Detroit may be on the verge of bankruptcy, yet as of this morning its solvent citizens can purchase gourmet cheeses and craft beers at the first Whole Foods store to open inside the city. It might seem like a risky bet on a troubled market for the high-end grocer, but this is a savvy play that combines discounted real estate, generous subsidies, and little local competition.
In investing terms, Whole Foods is buying low—so low, in fact, that the company won't have to do much to bring its Detroit outpost into the black. To start with, Whole Foods got a sweet deal on the Mack Avenue space. The project cost $12.9 million, according to the Wall Street Journal, but the company probably paid less than half the total cost, thanks to about $5.8 million in state and local grants and tax credits. Ram Realty, a development partner building apartments nearby, donated land worth about $1 million and put up part of the $6.1 million equity package with Whole Foods to cover the rest.

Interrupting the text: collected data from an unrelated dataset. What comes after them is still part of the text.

text \<open>The hypothesis \<open>balance\<close> is the fixed-point equation of Nash's map for one commodity,
  x q = (x q + D * gain q) / (1 + (\<Sum>r\<in>Q. gain r)), with the denominator cleared.\<close>
lemma nash_balance_imp_minimal_cost:
  fixes x c :: "'p \<Rightarrow> real"
  assumes "finite Q" "0 < D" and sum: "(\<Sum>q\<in>Q. x q) = D" and nonneg: "\<And>q. q \<in> Q \<Longrightarrow> 0 \<le> x q"
    and balance: "\<And>q. q \<in> Q \<Longrightarrow> x q * (\<Sum>r\<in>Q. max 0 (m - c r)) = D * max 0 (m - c q)"
    and m: "m = (\<Sum>q\<in>Q. x q * c q) / D"
    and q: "q \<in> Q" "0 < x q" and r: "r \<in> Q"
  shows "c q \<le> c r"
proof -
  define gain where "gain r = max 0 (m - c r)" for r
  have "(\<Sum>r\<in>Q. x r * (m - c r)) = m * (\<Sum>r\<in>Q. x r) - (\<Sum>r\<in>Q. x r * c r)"
    by (simp add: algebra_simps sum_subtractf sum_distrib_left)
  also have "\<dots> = 0"
    using sum \<open>0 < D\<close> by (simp add: m)
  finally have mean: "(\<Sum>r\<in>Q. x r * (m - c r)) = 0" .
  have "(\<Sum>r\<in>Q. gain r) = 0"
  proof (rule ccontr)
    assume "(\<Sum>r\<in>Q. gain r) \<noteq> 0"
    then have G: "0 < (\<Sum>r\<in>Q. gain r)"
      using sum_nonneg[of Q gain] by (force simp: gain_def)
    have cheaper: "c r < m" if "r \<in> Q" "0 < x r" for r
    proof -
      have "0 < x r * (\<Sum>r\<in>Q. gain r)"
        using G that(2) by simp
      then have "0 < max 0 (m - c r)"
        using balance[OF that(1)] \<open>0 < D\<close> by (simp add: gain_def zero_less_mult_iff)
      then show ?thesis
        by simp
    qed
    have "0 < (\<Sum>r\<in>Q. x r * (m - c r))"
    proof (rule sum_pos2[OF \<open>finite Q\<close> q(1)])
      show "0 < x q * (m - c q)"
        using cheaper[OF q] q(2) by simp
      show "0 \<le> x r * (m - c r)" if "r \<in> Q" for r
        using cheaper[OF that] nonneg[OF that] by (cases "0 < x r") auto
    qed
    then show False
      using mean by simp
  qed
  then have above: "m \<le> c r" if "r \<in> Q" for r
    using that sum_nonneg_eq_0_iff[OF \<open>finite Q\<close>, of gain] by (force simp: gain_def)
  have "(\<Sum>r\<in>Q. x r * (c r - m)) = - (\<Sum>r\<in>Q. x r * (m - c r))"
    by (simp add: sum_negf[symmetric] algebra_simps)
  then have "(\<Sum>r\<in>Q. x r * (c r - m)) = 0"
    using mean by simp
  then have "\<forall>r\<in>Q. x r * (c r - m) = 0"
    by (subst (asm) sum_nonneg_eq_0_iff[OF \<open>finite Q\<close>]) (use above nonneg in auto)
  then show ?thesis
    using q above[OF r] by auto
qed

lemma nash_map_in_flow_polytope:
  assumes "\<And>i. finite (P i)" "\<And>i. i \<in> I \<Longrightarrow> 0 < d i" "x \<in> flow_polytope I P d"
  shows "nash_map I P d c x \<in> flow_polytope I P d"
proof -
  define gain where "gain i p = max 0 (avg_cost P d c i x - c i p x)" for i p
  have G: "0 \<le> (\<Sum>q\<in>P i. gain i q)" for i
    by (intro sum_nonneg) (simp add: gain_def)
  have "(\<Sum>p\<in>P i. nash_map I P d c x (i, p)) = d i" if i: "i \<in> I" for i
  proof -
    have "(\<Sum>p\<in>P i. nash_map I P d c x (i, p))
        = (\<Sum>p\<in>P i. (x (i, p) + d i * gain i p) / (1 + (\<Sum>q\<in>P i. gain i q)))"
      using i by (intro sum.cong) (auto simp: nash_map_def gain_def)
    also have "\<dots> = (d i + d i * (\<Sum>q\<in>P i. gain i q)) / (1 + (\<Sum>q\<in>P i. gain i q))"
      using assms(3) i
      by (simp add: sum_divide_distrib[symmetric] sum.distrib sum_distrib_left flow_polytope_demand)
    also have "\<dots> = d i"
      using G[of i] by (simp add: field_simps)
    finally show ?thesis .
  qed
  moreover have "0 \<le> nash_map I P d c x (i, p)" for i p
  proof (cases "i \<in> I \<and> p \<in> P i")
    case True
    then show ?thesis
      using assms(2)[of i] G[of i] flow_polytope_nonneg[OF assms(3), of "(i, p)"]
      by (simp add: nash_map_def gain_def)
  qed (auto simp: nash_map_def)
  moreover have "nash_map I P d c x (i, p) = 0" if "(i, p) \<notin> Sigma I P" for i p
    using that by (auto simp: nash_map_def)
  ultimately show ?thesis
    unfolding flow_polytope_def by auto
qed

lemma continuous_on_nash_map:
  assumes "\<And>i. i \<in> I \<Longrightarrow> 0 < d i"
    and "\<And>i p. i \<in> I \<Longrightarrow> p \<in> P i \<Longrightarrow> continuous_on (flow_polytope I P d) (c i p)"
  shows "continuous_on (flow_polytope I P d) (nash_map I P d c)"
proof (intro continuous_on_coordinatewise_then_product)
  fix ip :: "'a \<times> 'b"
  obtain i p where ip: "ip = (i, p)"
    by fastforce
  show "continuous_on (flow_polytope I P d) (\<lambda>x. nash_map I P d c x ip)"
  proof (cases "i \<in> I \<and> p \<in> P i")
    case True
    define gain where "gain q x = max 0 (avg_cost P d c i x - c i q x)" for q x
    have avg: "continuous_on (flow_polytope I P d) (avg_cost P d c i)"
      unfolding avg_cost_def using True assms by (intro continuous_intros) force+
    have gain: "continuous_on (flow_polytope I P d) (gain q)" if "q \<in> P i" for q
      unfolding gain_def using True that assms(2) by (intro continuous_intros avg) auto
    have "1 + (\<Sum>q\<in>P i. gain q x) \<noteq> 0" for x
      using sum_nonneg[of "P i" "\<lambda>q. gain q x"] by (auto simp: gain_def)
    then have "continuous_on (flow_polytope I P d)
        (\<lambda>x. (x (i, p) + d i * gain p x) / (1 + (\<Sum>q\<in>P i. gain q x)))"
      using True by (intro continuous_intros gain) auto
    then show ?thesis
      using True by (simp add: ip nash_map_def gain_def)
  next
    case False
    show ?thesis
      unfolding ip nash_map_def case_prod_conv if_not_P[OF False] by simp
  qed
qed

lemma nash_map_fixpoint_imp_equilibrium:
  assumes "\<And>i. finite (P i)" "\<And>i. i \<in> I \<Longrightarrow> 0 < d i" "x \<in> flow_polytope I P d"
    and fixed: "nash_map I P d c x = x"
  shows "wardrop_equilibrium I P d c x"
  unfolding wardrop_equilibrium_def
proof (intro conjI assms(3) ballI impI)
  fix i p q
  assume i: "i \<in> I" and p: "p \<in> P i" "0 < x (i, p)" and q: "q \<in> P i"
  define G where "G = (\<Sum>r\<in>P i. max 0 (avg_cost P d c i x - c i r x))"
  have "0 \<le> G"
    unfolding G_def by (intro sum_nonneg) simp
  have balance: "x (i, r) * G = d i * max 0 (avg_cost P d c i x - c i r x)" if "r \<in> P i" for r
  proof -
    have "x (i, r) = (x (i, r) + d i * max 0 (avg_cost P d c i x - c i r x)) / (1 + G)"
      using fun_cong[OF fixed, of "(i, r)"] i that by (simp add: nash_map_def G_def)
    then show ?thesis
      using \<open>0 \<le> G\<close> by (simp add: field_simps)
  qed
  show "c i p x \<le> c i q x"
  proof (rule nash_balance_imp_minimal_cost[where x = "\<lambda>r. x (i, r)" and c = "\<lambda>r. c i r x"])
    show "(\<Sum>r\<in>P i. x (i, r)) = d i"
      using assms(3) i by (rule flow_polytope_demand)
    show "avg_cost P d c i x = (\<Sum>r\<in>P i. x (i, r) * c i r x) / d i"
      by (rule avg_cost_def)
    show "x (i, r) * (\<Sum>r'\<in>P i. max 0 (avg_cost P d c i x - c i r' x))
        = d i * max 0 (avg_cost P d c i x - c i r x)" if "r \<in> P i" for r
      using balance[OF that] by (simp add: G_def)
    show "0 \<le> x (i, r)" for r
      by (rule flow_polytope_nonneg[OF assms(3)])
  qed (use assms(1,2) i p q in auto)
qed
text \<open>F = v f^T, where v is a nonzero column of E and f the matching row of E normalised so
  that f^T v = 1.\<close>
lemma idempotent_rank_one_split:
  fixes E :: "'a::field^'m::finite^'m"
  assumes idem: "E ** E = E" and "E \<noteq> 0"
  obtains F where "trace F = 1" and "(E - F) ** (E - F) = E - F"
    and "range ((*v) (E - F)) \<subset> range ((*v) E)"
proof -
  obtain i j where Eij: "E $ i $ j \<noteq> 0"
    using \<open>E \<noteq> 0\<close> by (metis vec_eq_iff zero_index)
  define v where "v = E *v axis j 1"
  define f where "f = (\<chi> l. E $ i $ l / v $ i)"
  define F where "F = (\<chi> k l. v $ k * f $ l)"
  have Ev: "E *v v = v" using idem by (simp add: v_def matrix_vector_mul_assoc)
  have vi: "v $ i = E $ i $ j"
    by (simp add: v_def matrix_vector_mult_def axis_def if_distrib if_distribR sum.delta' cong: if_cong)
  have fE: "(\<Sum>l\<in>UNIV. f $ l * E $ l $ k) = f $ k" for k
  proof -
    have "(\<Sum>l\<in>UNIV. E $ i $ l * E $ l $ k) = E $ i $ k"
      using arg_cong[OF idem, of "\<lambda>M. M $ i $ k"] by (simp add: matrix_matrix_mult_def)
    then show ?thesis by (simp add: f_def sum_divide_distrib[symmetric])
  qed
  have Ev_entry: "(\<Sum>l\<in>UNIV. E $ k $ l * v $ l) = v $ k" for k
    using arg_cong[OF Ev, of "\<lambda>x. x $ k"] by (simp add: matrix_vector_mult_def)
  have fv: "(\<Sum>l\<in>UNIV. f $ l * v $ l) = 1"
    using Ev_entry[of i] Eij vi by (simp add: f_def sum_divide_distrib[symmetric])
  have EF: "E ** F = F"
    by (simp add: vec_eq_iff matrix_matrix_mult_def F_def mult.assoc[symmetric]
        sum_distrib_right[symmetric] Ev_entry)
  have FE: "F ** E = F"
    by (simp add: vec_eq_iff matrix_matrix_mult_def F_def mult.assoc sum_distrib_left[symmetric] fE)
  have FF: "F ** F = F"
  proof -
    have "(\<Sum>l\<in>UNIV. v $ k * f $ l * (v $ l * f $ m)) = v $ k * f $ m * (\<Sum>l\<in>UNIV. f $ l * v $ l)" for k m
      by (simp add: sum_distrib_left algebra_simps)
    then show ?thesis by (simp add: vec_eq_iff matrix_matrix_mult_def F_def fv)
  qed
  have "trace F = 1" using fv by (simp add: trace_def F_def mult.commute)
  moreover have "(E - F) ** (E - F) = E - F"
    by (simp add: matrix_diff_ldistrib matrix_diff_rdistrib idem EF FE FF)
  moreover have "range ((*v) (E - F)) \<subset> range ((*v) E)"
  proof
    have "E ** (E - F) = E - F" by (simp add: matrix_diff_ldistrib idem EF)
    then show "range ((*v) (E - F)) \<subseteq> range ((*v) E)"
      by (metis image_subset_iff matrix_vector_mul_assoc rangeI)
    have "(\<Sum>l\<in>UNIV. f $ l * (E - F) $ l $ m)
        = (\<Sum>l\<in>UNIV. f $ l * E $ l $ m) - f $ m * (\<Sum>l\<in>UNIV. f $ l * v $ l)" for m
      by (simp add: F_def algebra_simps sum_subtractf sum_distrib_left)
    then have f_annihilates: "(\<Sum>l\<in>UNIV. f $ l * (E - F) $ l $ m) = 0" for m
      using fE fv by simp
    have "(\<Sum>l\<in>UNIV. f $ l * ((E - F) *v x) $ l) = 0" for x
    proof -
      have "(\<Sum>l\<in>UNIV. f $ l * ((E - F) *v x) $ l)
          = (\<Sum>l\<in>UNIV. \<Sum>m\<in>UNIV. f $ l * (E - F) $ l $ m * x $ m)"
        by (simp add: matrix_vector_mult_def sum_distrib_left mult.assoc)
      also have "\<dots> = (\<Sum>m\<in>UNIV. (\<Sum>l\<in>UNIV. f $ l * (E - F) $ l $ m) * x $ m)"
        by (subst sum.swap) (simp add: sum_distrib_right)
      finally show ?thesis by (simp only: f_annihilates mult_zero_left sum.neutral_const)
    qed
    with fv have "v \<notin> range ((*v) (E - F))" by auto
    moreover have "v \<in> range ((*v) E)" by (simp add: v_def)
    ultimately show "range ((*v) (E - F)) \<noteq> range ((*v) E)" by blast
  qed
  ultimately show ?thesis using that by blast
qed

Last year, the average Whole Foods store measured 37,000 square feet and posted $682,000 in weekly revenue, according to the company's SEC filings. If the 21,500-square-foot store in Detroit is as busy as an average store, Whole Foods can expect around $20.6 million in yearly sales. At the company's 2012 operating margin of 6.4 percent, that's about $1.3 million in annual profit coming out of Detroit.